After a US Border Patrol Agent shot two Venezuelan immigrants in Portland, Oregon in January, the Department of Homeland Security claimed that the two victims were "vicious Tren de Aragua gang members" who "weaponized their vehicle" against federal agents, who had no choice but to open fire in self-defense.
However, court records obtained by the Guardian reveal that a Department of Justice prosecutor subsequently told a judge the government was "not suggesting" that one of the victims, Luis Niño-Moncada, was a gang member.
The Guardian also obtained an FBI affidavit contradicting DHS claims about the second victim, Yorlenys Zambrano-Contreras, being "involved" in a shooting in Portland last year, when in reality she was a "reported victim of sexual assault and robbery."
Attorneys representing Niño-Moncada and Zambrano-Contreras, who both survived the shooting and were subsequently hospitalized, told the Guardian that neither of them have any prior criminal convictions.
Legal experts who spoke with the Guardian about the shooting said it appeared that DHS was waging a "smear campaign" against the victims.
Sergio Perez, a civil rights lawyer and former US prosecutor, noted in an interview that prosecutors filed criminal charges against Niño-Moncada and Zambrano-Contreras just two days after they were shot, even before it had obtained crucial video evidence of the incident.
"This government needs to go back to the practice of slow and thorough investigations," he told the Guardian, "rather than what we consistently see in immigration enforcement activities—which is a rush to smear individuals."
Carley Palmer, a former federal prosecutor, told the Guardian that the court records obtained by the paper don't show DOJ presenting any of the usual evidence that prosecutors use to establish defendants' alleged gang membership.
"What’s interesting about the filings is that you don’t see evidence of gang association," said Palmer. "It just feels like a dirtying up of the defendant."
DHS in recent months has made a number of claims about people who have been shot or killed by federal immigration officers that have not held up to scrutiny.

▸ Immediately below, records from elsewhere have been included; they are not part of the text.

lemma link_card: "\<forall>G\<in>link r n U i. finite G \<and> card G = 2 * r"
  using link_subset_pairfam pairfam_card by blast

lemma SJ_eq_maximals_p_link: "SJ (Suc r) n U 1 i = maximals_p (link r n U i)"
proof -
  have "{H \<in> pairfam r 1 n. H \<subseteq> {i+2..n} \<and> {i..i+1} \<union> H \<in> ideal_p (Suc r) n U}
      = link r n U i"
    using pairfam_restrict[of _ r 1 n "i + 2"] pairfam_mono[of 1 "i + 2" r n]
      pairfam_subset[of _ r "i + 2" n]
    by (auto simp: link_def)
  then show ?thesis by (simp add: SJ_def)
qed

lemma link_antimono:
  assumes U: "U \<subseteq> pairfam (Suc r) 1 n" and "1 \<le> i'" "i' \<le> i"
    and G: "G \<in> pairfam r (i' + 2) n" and M: "M \<in> link r n U i" and "le_p G M"
  shows "G \<in> link r n U i'"
proof -
  obtain g where g: "G = pairs g r" "pair_seq r (i' + 2) n g" using G by (rule pairfamE)
  have M': "M \<in> pairfam r (i + 2) n" "{i..i+1} \<union> M \<in> ideal_p (Suc r) n U"
    using M by (auto simp: link_def)
  obtain f where f: "M = pairs f r" "pair_seq r (i + 2) n f" using M'(1) by (rule pairfamE)
  obtain F where F: "F \<in> U" "le_p ({i..i+1} \<union> M) F" using M'(2) by (auto simp: ideal_p_def)
  have sg: "spaced (Suc r) (case_nat i' g)" and sf: "spaced (Suc r) (case_nat i f)"
    using g(2) f(2) by (simp_all add: pair_seq_case_nat)
  have "\<forall>l<r. g l \<le> f l"
    using \<open>le_p G M\<close> g f by (simp add: le_p_pairs_iff pair_seq_spaced)
  then have "\<forall>l<Suc r. case_nat i' g l \<le> case_nat i f l"
    using \<open>i' \<le> i\<close> by (auto split: nat.split)
  then have "le_p (pairs (case_nat i' g) (Suc r)) (pairs (case_nat i f) (Suc r))"
    by (simp add: le_p_pairs_iff[OF sg sf])
  then have "le_p (pairs (case_nat i' g) (Suc r)) F"
    using F(2) f(1) le_p_trans by (simp add: pairs_case_nat)
  then have "pairs (case_nat i' g) (Suc r) \<in> ideal_p (Suc r) n U"
    using mem_ideal_p_below[OF U sg _ F(1)] \<open>1 \<le> i'\<close> by simp
  then show ?thesis using G g by (simp add: link_def pairs_case_nat)
qed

Most recently, Homeland Security Secretary Kristi Noem claimed that slain Minneapolis intensive care nurse Alex Pretti was a "domestic terrorist" intent on inflicting "maximum damage" on federal agents, when video clearly showed that Pretti was swarmed by multiple federal agents and was disarmed before two agents opened fire and killed him.

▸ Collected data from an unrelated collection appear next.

lemma coprime_beta: "coprime \<beta> (2 * int p)"
proof -
  have "[(1 - m) * \<beta> = 1 + m] (mod int p)"
    using cong_scalar_left[OF alpha, of 2] by (simp add: \<beta>_def cong_iff_dvd_diff algebra_simps)
  moreover have "\<not> int p dvd 1 + m"
    using m_not_minus_one by (simp add: cong_iff_dvd_diff add.commute)
  ultimately have "\<not> int p dvd \<beta>"
    using cong_dvd_iff dvd_mult by blast
  then have "coprime \<beta> (int p)"
    using prime prime_imp_coprime[of "int p" \<beta>] by (simp add: coprime_commute)
  moreover have "coprime \<beta> 2"
    by (simp add: \<beta>_def)
  ultimately show ?thesis
    by simp
qed

lemma even_label_iff:
  "0 < l \<Longrightarrow> l < p \<Longrightarrow> even_label l \<longleftrightarrow> Legendre (\<alpha> * int l) (int p) = 1"
  by (simp add: even_label_def)

lemma even_label_last: "even_label p \<longleftrightarrow> even_label (p - 1)"
  using p_gt_2 by (simp add: even_label_def of_nat_diff)

lemma even_label_0: "even_label 0 \<longleftrightarrow> \<not> even_label p"
  using p_gt_2 by (simp add: even_label_def)

lemma centre_vertex_lt: "centre_vertex l < 2 * p"
  using p_gt_2 by (simp add: centre_vertex_def nat_less_iff)

lemma centre_vertex_cong: "[int (centre_vertex l) = centre l] (mod 2 * int p)"
  using p_gt_2 by (simp add: centre_vertex_def cong_def)

lemma centre_even_odd_not_cong:
  assumes "l1 \<le> p" "l2 \<le> p" "even_label l1" "\<not> even_label l2"
  shows "\<not> [\<beta> * int l1 = - \<beta> * (int l2 + 1)] (mod 2 * int p)"
proof
  assume "[\<beta> * int l1 = - \<beta> * (int l2 + 1)] (mod 2 * int p)"
  then have "2 * int p dvd \<beta> * (int l1 + int l2 + 1)"
    by (simp add: cong_iff_dvd_diff algebra_simps)
  then have "2 * int p dvd int l1 + int l2 + 1"
    using coprime_dvd_mult_right_iff coprime_beta coprime_commute by blast
  then obtain k where k: "int l1 + int l2 + 1 = 2 * int p * k"
    by blast
  have "0 < 2 * int p * k" "2 * int p * k < 2 * int p * 2"
    using k assms(1,2) p_gt_2 by linarith+
  then have "0 < k" "k < 2"
    using p_gt_2 by (simp_all add: zero_less_mult_iff mult_less_cancel_left_pos)
  then have "k = 1"
    by simp
  with k have "int (l1 + l2 + 1) = int (2 * p)"
    by simp
  then have "l1 + l2 + 1 = 2 * p"
    by (simp only: of_nat_eq_iff)
  then have "{l1, l2} = {p - 1, p}"
    using assms(1,2) by auto
  then show False
    using assms(3,4) even_label_last by (auto simp: doubleton_eq_iff)
qed

lemma inj_centre_vertex: "inj_on centre_vertex {0..p}"
proof (rule inj_onI)
  fix l1 l2
  assume l: "l1 \<in> {0..p}" "l2 \<in> {0..p}" and "centre_vertex l1 = centre_vertex l2"
  then have "[centre l1 = centre l2] (mod 2 * int p)"
    by (metis centre_vertex_cong cong_sym cong_trans)
  then have "[int l1 = int l2] (mod 2 * int p)"
    using centre_even_odd_not_cong[of l1 l2] centre_even_odd_not_cong[of l2 l1] l
    by (auto simp: centre_def cong_mult_lcancel[OF coprime_beta] cong_sym_eq cong_minus_minus_iff cong_add_rcancel
        split: if_splits)
  then show "l1 = l2"
    using l p_gt_2 by (simp add: cong_def)
qed

lemma beta_times_endpoint:
  assumes "l = 0 \<or> l = p"
  shows "[\<beta> * int l = int l] (mod 2 * int p)"
proof -
  have "\<beta> * int p - int p = 2 * int p * (\<alpha> - 1)"
    by (simp add: \<beta>_def algebra_simps)
  then show ?thesis
    using assms by (auto simp: cong_iff_dvd_diff)
qed

lemma exists_label_with_character:
  assumes "\<not> int p dvd w" "\<epsilon> = 1 \<or> \<epsilon> = -1"
  obtains l where "0 < l" "l < p" "Legendre (\<alpha> * int l) (int p) = \<epsilon>"
    and "[2 * (\<alpha> * int l) = 2 * w] (mod 2 * int p) \<or> [2 * ((\<alpha> - 1) * int l) = 2 * w] (mod 2 * int p)"
proof -
  have "Legendre w (int p) = \<epsilon> \<or> Legendre w (int p) = - \<epsilon>"
    using assms Legendre_eq_0_iff[of w "int p"] by (auto simp: Legendre_def)
  then show ?thesis
  proof
    assume w: "Legendre w (int p) = \<epsilon>"
    obtain l where l: "0 < l" "l < p" "[\<alpha> * int l = w] (mod int p)"
      using cong_solve_nonzero[OF prime not_dvd_alpha assms(1)] .
    moreover have "Legendre (\<alpha> * int l) (int p) = \<epsilon>"
      using w Legendre_cong[OF l(3)] by simp
    ultimately show ?thesis
      using that cong_cmult_leftI by blast
  next
    assume w: "Legendre w (int p) = - \<epsilon>"
    obtain l where l: "0 < l" "l < p" "[(\<alpha> - 1) * int l = w] (mod int p)"
      using cong_solve_nonzero[OF prime not_dvd_alpha_pred assms(1)] .
    have "[m * (\<alpha> * int l) = w] (mod int p)"
      using cong_trans[OF cong_sym[OF cong_scalar_right[OF alpha_pred]] l(3)] by (simp add: mult.assoc)
    then have "Legendre m (int p) * Legendre (\<alpha> * int l) (int p) = - \<epsilon>"
      using w Legendre_cong Legendre_mult[OF prime p_gt_2] by metis
    then have "Legendre (\<alpha> * int l) (int p) = \<epsilon>"
      using nonresidue by simp
    then show ?thesis
      using that l cong_cmult_leftI by blast
  qed
qed

lemma centre_covers_even:
  assumes "even u" "u < 2 * p"
  shows "\<exists>l\<le>p. [centre l = int u + int l] (mod 2 * int p) \<or> [centre l = int u - int l] (mod 2 * int p)"
proof (cases "u = 0")
  case True
  define l where "l = (if even_label 0 then 0 else p)"
  have "even_label l" "l = 0 \<or> l = p"
    using even_label_0 by (auto simp: l_def)
  then have "[centre l = int u + int l] (mod 2 * int p)"
    using beta_times_endpoint True by (simp add: centre_def)
  then show ?thesis
    using \<open>l = 0 \<or> l = p\<close> by auto
next
  case False
  define w where "w = int u div 2"
  have u: "int u = 2 * w"
    using assms(1) by (simp add: w_def)
  have "\<not> int p dvd w"
    using False assms(2) u by (auto simp: zdvd_not_zless)
  then obtain l where l: "0 < l" "l < p" "Legendre (\<alpha> * int l) (int p) = 1"
    and cong: "[2 * (\<alpha> * int l) = 2 * w] (mod 2 * int p) \<or> [2 * ((\<alpha> - 1) * int l) = 2 * w] (mod 2 * int p)"
    using exists_label_with_character by blast
  have "centre l = 2 * (\<alpha> * int l) - int l" "centre l = 2 * ((\<alpha> - 1) * int l) + int l"
    using l even_label_iff by (simp_all add: centre_def \<beta>_def algebra_simps)
  then have "[centre l = int u - int l] (mod 2 * int p) \<or> [centre l = int u + int l] (mod 2 * int p)"
    using cong u by (metis cong_add cong_diff cong_refl)
  then show ?thesis
    using l(2) less_imp_le by blast
qed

Noem also openly lied about the circumstances and actions that resulted in the shooting death of Renee Nicole Good by a federal agent weeks earlier.

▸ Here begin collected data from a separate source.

(* Let $d\ge 1$ and $n\ge 1$. For a sequence $w=(i_1,\dots,i_n)$ which is a permutation of $[n]$, let $M_w(f_1,\dots,f_n)=f_{i_1}\vartriangleleft(f_{i_2}\vartriangleleft(\cdots\vartriangleleft(f_{i_{n-1}}\vartriangleleft f_{i_n})\cdots))$ and let $\ell_w\in\mathrm{RT}(n)$ be the linear tree with root $i_1$ in which $i_{m+1}$ is the unique child of $i_m$ for $m<n$. Then $w\mapsto\ell_w$ is a bijection from permutations of $[n]$ onto the linear trees in $\mathrm{RT}(n)$, $F(\ell_w)(f_1,\dots,f_n)=M_w(f_1,\dots,f_n)$ for all $f_1,\dots,f_n\in\mathcal{C}_d$, and for every family of real coefficients $(\lambda_w)_w$, the expression $\sum_w\lambda_w M_w$ is a left identity of the Witt algebra $W_d$ (i.e. vanishes for all $f_1,\dots,f_n\in W_d$) if and only if $\sum_w\lambda_w F(\ell_w)=0$ as a map $\mathcal{C}_d^n\to\mathcal{C}_d$. Hence left identities of $W_d$ correspond one-to-one to linear relations among elementary differentials of linear trees.
   Context: A rooted tree on a finite vertex set $V\subset\mathbb{N}$ is a set $E$ of ordered pairs (an edge $(v,w)$ means $w$ is a child of $v$) such that exactly one vertex (the root) has no parent, every other vertex has exactly one parent, and every vertex is connected to the root by following parents; it is linear if every vertex has at most one child. $\mathrm{RT}(n)$ is the set of rooted trees on $[n]$; $\tau_v$ is the subtree of $v$ and its descendants. $\mathcal{C}_d=C^\infty(\mathbb{R}^d,\mathbb{R}^d)$, $g_j$ the $j$-th coordinate, $\partial_j=\partial/\partial x_j$. For $\tau$ with root $r$ whose children are $v_1,\dots,v_k$, recursively $F(\tau)((f^i)_{i\in V})=\sum_{j_1,\dots,j_k=1}^d F(\tau_{v_1})(\cdots)_{j_1}\cdots F(\tau_{v_k})(\cdots)_{j_k}\,\partial_{j_1}\cdots\partial_{j_k}f^r$, where $F(\tau_{v_m})$ is evaluated on the $f^i$ with $i$ a vertex of $\tau_{v_m}$ (single vertex: $F(\tau)=f^r$). The Witt algebra $W_d$ is the space of polynomial maps $\mathbb{R}^d\to\mathbb{R}^d$ with product $f\vartriangleleft g=\sum_{i=1}^d g_i\,\partial_i f$ (the same formula defines $\vartriangleleft$ on $\mathcal{C}_d$). A left identity of arity $n$ is a linear combination of the multilinear expressions $M_w$ (all compositions in the right input) that vanishes identically on $W_d$. *)

theory Defs
  imports "HOL-Analysis.Analysis" "HOL-Combinatorics.Multiset_Permutations"
begin

type_synonym 'd vf = "real^'d \<Rightarrow> real^'d"

text \<open>E is a set of ordered pairs (v,w) meaning w is a child of v.\<close>

definition is_tree_root :: "nat set \<Rightarrow> (nat \<times> nat) set \<Rightarrow> nat \<Rightarrow> bool" where
  "is_tree_root V E r \<longleftrightarrow> r \<in> V \<and> (\<forall>u. (u, r) \<notin> E)"

definition rooted_tree :: "nat set \<Rightarrow> (nat \<times> nat) set \<Rightarrow> bool" where
  "rooted_tree V E \<longleftrightarrow> finite V \<and> E \<subseteq> V \<times> V \<and>
     (\<exists>!r. is_tree_root V E r) \<and>
     (\<forall>v\<in>V. \<not> is_tree_root V E v \<longrightarrow> (\<exists>!u. (u, v) \<in> E)) \<and>
     (\<forall>r. is_tree_root V E r \<longrightarrow> (\<forall>v\<in>V. (r, v) \<in> E\<^sup>*))"

definition tree_root :: "nat set \<Rightarrow> (nat \<times> nat) set \<Rightarrow> nat" where
  "tree_root V E = (THE r. is_tree_root V E r)"

definition RT :: "nat \<Rightarrow> (nat \<times> nat) set set" where
  "RT n = {E. rooted_tree {1..n} E}"

definition linear_tree :: "(nat \<times> nat) set \<Rightarrow> bool" where
  "linear_tree E \<longleftrightarrow> (\<forall>v w w'. (v, w) \<in> E \<longrightarrow> (v, w') \<in> E \<longrightarrow> w = w')"

definition children :: "(nat \<times> nat) set \<Rightarrow> nat \<Rightarrow> nat set" where
  "children E v = {w. (v, w) \<in> E}"

definition partial :: "'d::finite \<Rightarrow> (real^'d \<Rightarrow> 'a::real_normed_vector) \<Rightarrow> real^'d \<Rightarrow> 'a" where
  "partial j g x = vector_derivative (\<lambda>t. g (x + t *\<^sub>R axis j 1)) (at 0)"

fun partials :: "'d::finite list \<Rightarrow> (real^'d \<Rightarrow> 'a::real_normed_vector) \<Rightarrow> real^'d \<Rightarrow> 'a" where
  "partials [] g = g"
| "partials (j # js) g = partial j (partials js g)"

definition smooth :: "'d::finite vf \<Rightarrow> bool" where
  "smooth g \<longleftrightarrow> (\<forall>js::'d list. continuous_on UNIV (partials js g) \<and>
      (\<forall>j x. ((\<lambda>t. partials js g (x + t *\<^sub>R axis j 1)) has_vector_derivative
               partials (j # js) g x) (at 0)))"

inductive poly_fun :: "(real^'d::finite \<Rightarrow> real) \<Rightarrow> bool" where
  pf_const: "poly_fun (\<lambda>x. c)"
| pf_coord: "poly_fun (\<lambda>x. x $ j)"
| pf_add: "poly_fun p \<Longrightarrow> poly_fun q \<Longrightarrow> poly_fun (\<lambda>x. p x + q x)"
| pf_mult: "poly_fun p \<Longrightarrow> poly_fun q \<Longrightarrow> poly_fun (\<lambda>x. p x * q x)"

definition witt :: "'d::finite vf \<Rightarrow> bool" where
  "witt g \<longleftrightarrow> (\<forall>j. poly_fun (\<lambda>x. g x $ j))"

definition wprod :: "'d::finite vf \<Rightarrow> 'd vf \<Rightarrow> 'd vf" where
  "wprod f g = (\<lambda>x. \<Sum>i\<in>UNIV. g x $ i *\<^sub>R partial i f x)"

fun Mw :: "nat list \<Rightarrow> (nat \<Rightarrow> 'd::finite vf) \<Rightarrow> 'd vf" where
  "Mw [] f = (\<lambda>x. 0)"
| "Mw [i] f = f i"
| "Mw (i # j # ws) f = wprod (f i) (Mw (j # ws) f)"

definition lin_tree :: "nat list \<Rightarrow> (nat \<times> nat) set" where
  "lin_tree w = {(w ! m, w ! (m + 1)) | m. m + 1 < length w}"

In November, federal prosecutors abruptly dropped charges against Marimar Martinez, a woman who was shot multiple times by a US Border Patrol agent in October in Chicago’s Brighton Park neighborhood.
In the indictment filed against Martinez, prosecutors said that the Border Patrol agent who shot her had been acting in self-defense, and that he had only opened fire after Martinez’s car collided with his vehicle.
However, uncovered text messages showed the Border Patrol agent apparently bragging about shooting Martinez, as he boasted that he “fired five rounds and she had seven holes” in a message sent to fellow agents.
An attorney representing Martinez also claimed that he had seen body camera footage that directly undermined DHS claims about how the shooting unfolded.
No explanation was provided for why charges against Martinez were dropped.